Every line below that has "obtain" in it should be copied.

→ **Available records**
*** Begin section ***

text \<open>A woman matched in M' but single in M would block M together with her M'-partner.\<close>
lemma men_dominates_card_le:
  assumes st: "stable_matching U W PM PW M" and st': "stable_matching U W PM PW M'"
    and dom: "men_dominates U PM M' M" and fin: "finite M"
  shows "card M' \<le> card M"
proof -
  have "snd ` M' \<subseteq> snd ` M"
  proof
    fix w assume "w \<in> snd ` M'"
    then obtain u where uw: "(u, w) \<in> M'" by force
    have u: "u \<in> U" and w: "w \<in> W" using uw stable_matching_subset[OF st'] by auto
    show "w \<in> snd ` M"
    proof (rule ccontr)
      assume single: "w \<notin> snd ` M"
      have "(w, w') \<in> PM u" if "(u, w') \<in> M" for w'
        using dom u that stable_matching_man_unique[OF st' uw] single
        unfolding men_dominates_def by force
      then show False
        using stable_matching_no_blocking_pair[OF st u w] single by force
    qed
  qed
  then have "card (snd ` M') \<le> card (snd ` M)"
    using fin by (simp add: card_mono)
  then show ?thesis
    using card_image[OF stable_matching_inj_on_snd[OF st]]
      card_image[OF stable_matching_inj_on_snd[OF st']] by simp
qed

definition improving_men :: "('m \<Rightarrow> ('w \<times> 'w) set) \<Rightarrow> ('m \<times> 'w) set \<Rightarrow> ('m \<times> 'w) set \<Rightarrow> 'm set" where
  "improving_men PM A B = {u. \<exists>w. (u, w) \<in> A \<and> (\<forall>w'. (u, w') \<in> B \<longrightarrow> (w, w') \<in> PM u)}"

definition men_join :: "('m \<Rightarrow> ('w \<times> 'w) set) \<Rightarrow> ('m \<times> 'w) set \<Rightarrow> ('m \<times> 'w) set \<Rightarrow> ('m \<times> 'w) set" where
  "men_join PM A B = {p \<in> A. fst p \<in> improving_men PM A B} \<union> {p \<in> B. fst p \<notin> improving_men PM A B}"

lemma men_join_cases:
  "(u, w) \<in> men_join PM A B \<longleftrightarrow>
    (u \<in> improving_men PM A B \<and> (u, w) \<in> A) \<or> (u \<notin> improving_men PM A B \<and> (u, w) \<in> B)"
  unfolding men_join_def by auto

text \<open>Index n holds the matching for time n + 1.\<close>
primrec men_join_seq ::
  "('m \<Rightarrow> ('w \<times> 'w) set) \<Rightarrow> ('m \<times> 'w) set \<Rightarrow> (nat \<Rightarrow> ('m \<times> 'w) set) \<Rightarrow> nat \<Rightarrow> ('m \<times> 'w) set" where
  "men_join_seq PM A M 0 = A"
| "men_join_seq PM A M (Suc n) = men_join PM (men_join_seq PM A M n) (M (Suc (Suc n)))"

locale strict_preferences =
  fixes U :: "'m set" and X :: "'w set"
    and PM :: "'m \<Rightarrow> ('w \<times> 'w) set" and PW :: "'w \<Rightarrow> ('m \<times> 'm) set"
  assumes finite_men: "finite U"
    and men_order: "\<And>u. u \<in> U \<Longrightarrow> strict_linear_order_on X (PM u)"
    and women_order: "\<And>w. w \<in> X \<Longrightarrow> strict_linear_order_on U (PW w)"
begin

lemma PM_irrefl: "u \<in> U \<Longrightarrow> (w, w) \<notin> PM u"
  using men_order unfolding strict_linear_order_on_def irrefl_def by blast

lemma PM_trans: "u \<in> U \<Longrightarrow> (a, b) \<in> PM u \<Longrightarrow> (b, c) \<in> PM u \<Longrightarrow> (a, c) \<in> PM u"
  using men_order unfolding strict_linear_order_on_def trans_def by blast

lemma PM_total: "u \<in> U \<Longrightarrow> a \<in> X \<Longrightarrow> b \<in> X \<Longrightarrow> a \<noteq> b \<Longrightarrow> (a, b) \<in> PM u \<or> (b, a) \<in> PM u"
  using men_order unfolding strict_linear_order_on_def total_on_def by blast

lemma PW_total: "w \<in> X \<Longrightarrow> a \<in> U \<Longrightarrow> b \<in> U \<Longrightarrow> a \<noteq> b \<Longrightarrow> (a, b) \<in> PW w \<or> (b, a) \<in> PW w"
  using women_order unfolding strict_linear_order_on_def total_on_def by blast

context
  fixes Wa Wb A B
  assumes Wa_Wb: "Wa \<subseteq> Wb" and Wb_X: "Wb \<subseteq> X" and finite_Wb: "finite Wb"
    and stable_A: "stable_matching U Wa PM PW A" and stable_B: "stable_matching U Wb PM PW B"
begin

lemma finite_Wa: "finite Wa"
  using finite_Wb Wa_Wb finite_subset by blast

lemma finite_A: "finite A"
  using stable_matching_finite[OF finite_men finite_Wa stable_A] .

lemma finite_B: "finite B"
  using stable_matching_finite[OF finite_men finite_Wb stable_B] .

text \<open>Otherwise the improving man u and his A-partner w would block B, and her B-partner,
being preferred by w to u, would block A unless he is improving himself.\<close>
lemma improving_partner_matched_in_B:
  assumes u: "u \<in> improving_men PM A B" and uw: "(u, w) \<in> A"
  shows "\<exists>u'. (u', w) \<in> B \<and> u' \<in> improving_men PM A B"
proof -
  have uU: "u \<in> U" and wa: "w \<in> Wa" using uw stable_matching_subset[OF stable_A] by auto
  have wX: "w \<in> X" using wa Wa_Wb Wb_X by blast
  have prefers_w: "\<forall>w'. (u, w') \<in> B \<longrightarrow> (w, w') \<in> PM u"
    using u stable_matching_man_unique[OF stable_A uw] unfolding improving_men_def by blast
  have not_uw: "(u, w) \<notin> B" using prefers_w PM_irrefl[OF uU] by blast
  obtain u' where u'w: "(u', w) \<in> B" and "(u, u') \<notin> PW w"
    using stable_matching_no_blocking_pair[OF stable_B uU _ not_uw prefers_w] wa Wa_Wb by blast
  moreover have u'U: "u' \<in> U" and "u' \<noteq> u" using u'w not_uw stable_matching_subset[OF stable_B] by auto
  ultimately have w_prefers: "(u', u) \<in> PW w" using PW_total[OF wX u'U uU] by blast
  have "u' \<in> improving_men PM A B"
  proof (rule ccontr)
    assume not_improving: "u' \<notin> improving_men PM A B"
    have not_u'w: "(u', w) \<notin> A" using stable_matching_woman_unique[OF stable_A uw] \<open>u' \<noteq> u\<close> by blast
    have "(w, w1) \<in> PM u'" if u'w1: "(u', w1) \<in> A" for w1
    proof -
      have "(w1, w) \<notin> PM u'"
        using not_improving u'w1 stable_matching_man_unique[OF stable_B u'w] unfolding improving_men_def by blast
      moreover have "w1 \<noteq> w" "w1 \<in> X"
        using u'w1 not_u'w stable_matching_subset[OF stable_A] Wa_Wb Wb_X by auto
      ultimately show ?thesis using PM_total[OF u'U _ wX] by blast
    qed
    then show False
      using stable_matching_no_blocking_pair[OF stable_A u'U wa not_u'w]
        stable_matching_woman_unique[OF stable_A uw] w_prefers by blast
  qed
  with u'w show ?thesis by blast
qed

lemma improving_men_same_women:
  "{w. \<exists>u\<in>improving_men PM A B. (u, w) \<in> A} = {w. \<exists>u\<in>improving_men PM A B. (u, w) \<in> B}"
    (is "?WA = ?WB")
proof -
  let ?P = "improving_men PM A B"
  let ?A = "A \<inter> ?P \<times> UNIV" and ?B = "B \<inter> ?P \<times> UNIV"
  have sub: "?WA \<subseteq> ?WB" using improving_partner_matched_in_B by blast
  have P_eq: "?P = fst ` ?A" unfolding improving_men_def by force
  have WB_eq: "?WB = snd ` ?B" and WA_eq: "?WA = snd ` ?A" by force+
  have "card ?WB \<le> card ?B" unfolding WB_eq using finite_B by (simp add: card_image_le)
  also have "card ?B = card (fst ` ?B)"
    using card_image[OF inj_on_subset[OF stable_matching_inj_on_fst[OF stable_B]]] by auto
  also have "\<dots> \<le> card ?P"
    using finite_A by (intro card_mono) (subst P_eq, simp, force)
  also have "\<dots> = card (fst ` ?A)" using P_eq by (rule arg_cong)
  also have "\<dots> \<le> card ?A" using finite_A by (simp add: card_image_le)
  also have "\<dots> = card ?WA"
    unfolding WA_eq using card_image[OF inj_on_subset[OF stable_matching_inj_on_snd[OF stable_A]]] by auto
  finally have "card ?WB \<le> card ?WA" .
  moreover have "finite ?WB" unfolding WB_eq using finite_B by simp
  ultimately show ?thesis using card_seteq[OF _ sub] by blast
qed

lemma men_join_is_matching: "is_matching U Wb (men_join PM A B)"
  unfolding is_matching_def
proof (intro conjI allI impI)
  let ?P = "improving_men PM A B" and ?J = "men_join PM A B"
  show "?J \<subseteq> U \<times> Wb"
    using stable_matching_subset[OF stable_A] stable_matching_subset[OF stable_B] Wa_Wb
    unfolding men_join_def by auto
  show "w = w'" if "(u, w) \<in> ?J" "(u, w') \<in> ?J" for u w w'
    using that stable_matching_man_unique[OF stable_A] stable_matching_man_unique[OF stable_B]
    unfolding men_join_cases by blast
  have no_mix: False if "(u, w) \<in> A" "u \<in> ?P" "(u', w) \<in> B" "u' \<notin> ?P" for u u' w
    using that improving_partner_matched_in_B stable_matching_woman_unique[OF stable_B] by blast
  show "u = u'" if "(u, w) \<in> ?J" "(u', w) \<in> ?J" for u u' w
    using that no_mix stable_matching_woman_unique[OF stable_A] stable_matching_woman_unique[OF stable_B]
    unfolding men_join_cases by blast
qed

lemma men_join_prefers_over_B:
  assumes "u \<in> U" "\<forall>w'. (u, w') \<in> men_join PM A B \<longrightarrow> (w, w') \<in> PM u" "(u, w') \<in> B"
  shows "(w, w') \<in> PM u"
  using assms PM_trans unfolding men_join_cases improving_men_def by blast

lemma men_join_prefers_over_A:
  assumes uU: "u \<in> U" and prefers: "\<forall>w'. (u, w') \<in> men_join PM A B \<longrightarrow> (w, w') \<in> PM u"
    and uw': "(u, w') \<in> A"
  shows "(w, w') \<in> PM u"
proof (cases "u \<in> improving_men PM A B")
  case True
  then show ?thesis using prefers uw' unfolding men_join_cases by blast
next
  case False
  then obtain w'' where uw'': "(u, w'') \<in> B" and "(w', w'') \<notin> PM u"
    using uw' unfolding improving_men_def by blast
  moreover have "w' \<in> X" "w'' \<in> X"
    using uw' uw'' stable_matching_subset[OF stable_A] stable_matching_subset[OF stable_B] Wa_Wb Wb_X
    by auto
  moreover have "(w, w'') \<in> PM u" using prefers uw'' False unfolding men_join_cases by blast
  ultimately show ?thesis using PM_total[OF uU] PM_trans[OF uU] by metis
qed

*** End section ***
*** Begin section ***

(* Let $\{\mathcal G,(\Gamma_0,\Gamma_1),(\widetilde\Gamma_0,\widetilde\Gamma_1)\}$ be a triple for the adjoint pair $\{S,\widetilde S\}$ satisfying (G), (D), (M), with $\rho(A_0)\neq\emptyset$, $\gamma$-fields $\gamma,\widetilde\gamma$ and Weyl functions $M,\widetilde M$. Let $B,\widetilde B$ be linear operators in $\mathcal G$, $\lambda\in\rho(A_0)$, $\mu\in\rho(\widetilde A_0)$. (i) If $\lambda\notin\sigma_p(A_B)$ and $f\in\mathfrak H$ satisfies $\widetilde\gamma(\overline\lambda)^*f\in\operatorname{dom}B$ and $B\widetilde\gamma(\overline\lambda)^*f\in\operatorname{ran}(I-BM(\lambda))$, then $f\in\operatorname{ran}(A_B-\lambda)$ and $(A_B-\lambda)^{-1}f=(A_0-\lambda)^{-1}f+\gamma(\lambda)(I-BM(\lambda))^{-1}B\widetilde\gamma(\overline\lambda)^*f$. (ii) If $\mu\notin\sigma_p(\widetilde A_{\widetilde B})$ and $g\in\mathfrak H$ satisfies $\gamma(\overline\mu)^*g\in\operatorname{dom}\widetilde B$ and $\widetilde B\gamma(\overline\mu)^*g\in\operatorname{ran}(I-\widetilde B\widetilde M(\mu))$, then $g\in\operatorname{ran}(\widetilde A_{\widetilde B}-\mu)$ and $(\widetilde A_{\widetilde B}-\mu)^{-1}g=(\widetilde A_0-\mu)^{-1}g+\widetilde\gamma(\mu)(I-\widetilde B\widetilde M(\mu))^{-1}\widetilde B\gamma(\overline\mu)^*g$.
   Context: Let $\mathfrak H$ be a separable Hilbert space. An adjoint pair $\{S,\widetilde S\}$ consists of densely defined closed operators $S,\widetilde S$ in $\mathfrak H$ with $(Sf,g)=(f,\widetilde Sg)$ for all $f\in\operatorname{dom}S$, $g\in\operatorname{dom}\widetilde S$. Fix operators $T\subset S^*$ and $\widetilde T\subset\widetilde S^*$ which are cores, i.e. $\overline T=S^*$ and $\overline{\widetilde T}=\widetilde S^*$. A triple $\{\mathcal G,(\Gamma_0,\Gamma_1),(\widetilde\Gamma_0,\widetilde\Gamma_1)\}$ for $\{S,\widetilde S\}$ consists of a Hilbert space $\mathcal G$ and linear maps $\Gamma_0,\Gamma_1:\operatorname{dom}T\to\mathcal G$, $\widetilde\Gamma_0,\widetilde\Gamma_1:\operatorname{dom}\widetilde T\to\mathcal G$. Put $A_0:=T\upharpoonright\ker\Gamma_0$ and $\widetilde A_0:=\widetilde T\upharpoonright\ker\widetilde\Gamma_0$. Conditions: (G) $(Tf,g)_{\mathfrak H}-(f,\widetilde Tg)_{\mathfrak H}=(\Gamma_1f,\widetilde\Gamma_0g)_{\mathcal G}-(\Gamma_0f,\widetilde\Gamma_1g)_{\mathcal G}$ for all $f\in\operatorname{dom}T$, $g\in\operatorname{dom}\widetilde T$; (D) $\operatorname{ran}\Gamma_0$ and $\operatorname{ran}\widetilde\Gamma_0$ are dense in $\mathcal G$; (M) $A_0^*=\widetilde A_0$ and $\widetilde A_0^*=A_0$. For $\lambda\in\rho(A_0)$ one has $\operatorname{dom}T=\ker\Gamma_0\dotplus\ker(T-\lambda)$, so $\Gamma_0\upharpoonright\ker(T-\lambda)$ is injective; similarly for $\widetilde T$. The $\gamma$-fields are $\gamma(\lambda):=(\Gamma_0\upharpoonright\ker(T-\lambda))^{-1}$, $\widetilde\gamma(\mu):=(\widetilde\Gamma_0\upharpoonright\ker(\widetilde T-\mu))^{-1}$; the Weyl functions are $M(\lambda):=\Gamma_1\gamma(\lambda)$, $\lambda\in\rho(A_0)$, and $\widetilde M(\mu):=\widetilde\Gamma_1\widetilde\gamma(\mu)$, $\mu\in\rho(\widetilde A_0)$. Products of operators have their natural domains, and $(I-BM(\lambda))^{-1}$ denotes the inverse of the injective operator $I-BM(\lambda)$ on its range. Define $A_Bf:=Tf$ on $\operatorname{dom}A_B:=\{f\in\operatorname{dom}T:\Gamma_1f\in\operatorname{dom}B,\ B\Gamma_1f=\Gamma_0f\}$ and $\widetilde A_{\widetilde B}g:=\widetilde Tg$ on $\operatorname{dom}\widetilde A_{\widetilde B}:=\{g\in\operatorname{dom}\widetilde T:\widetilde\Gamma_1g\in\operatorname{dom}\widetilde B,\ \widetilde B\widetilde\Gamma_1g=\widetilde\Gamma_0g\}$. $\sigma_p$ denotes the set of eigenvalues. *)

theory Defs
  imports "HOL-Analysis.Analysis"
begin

*** End section ***

→ **Response below**
    then obtain u where uw: "(u, w) \<in> M'" by force
  obtain u' where u'w: "(u', w) \<in> B" and "(u, u') \<notin> PW w"
  then obtain w'' where uw'': "(u, w'') \<in> B" and "(w', w'') \<notin> PM u"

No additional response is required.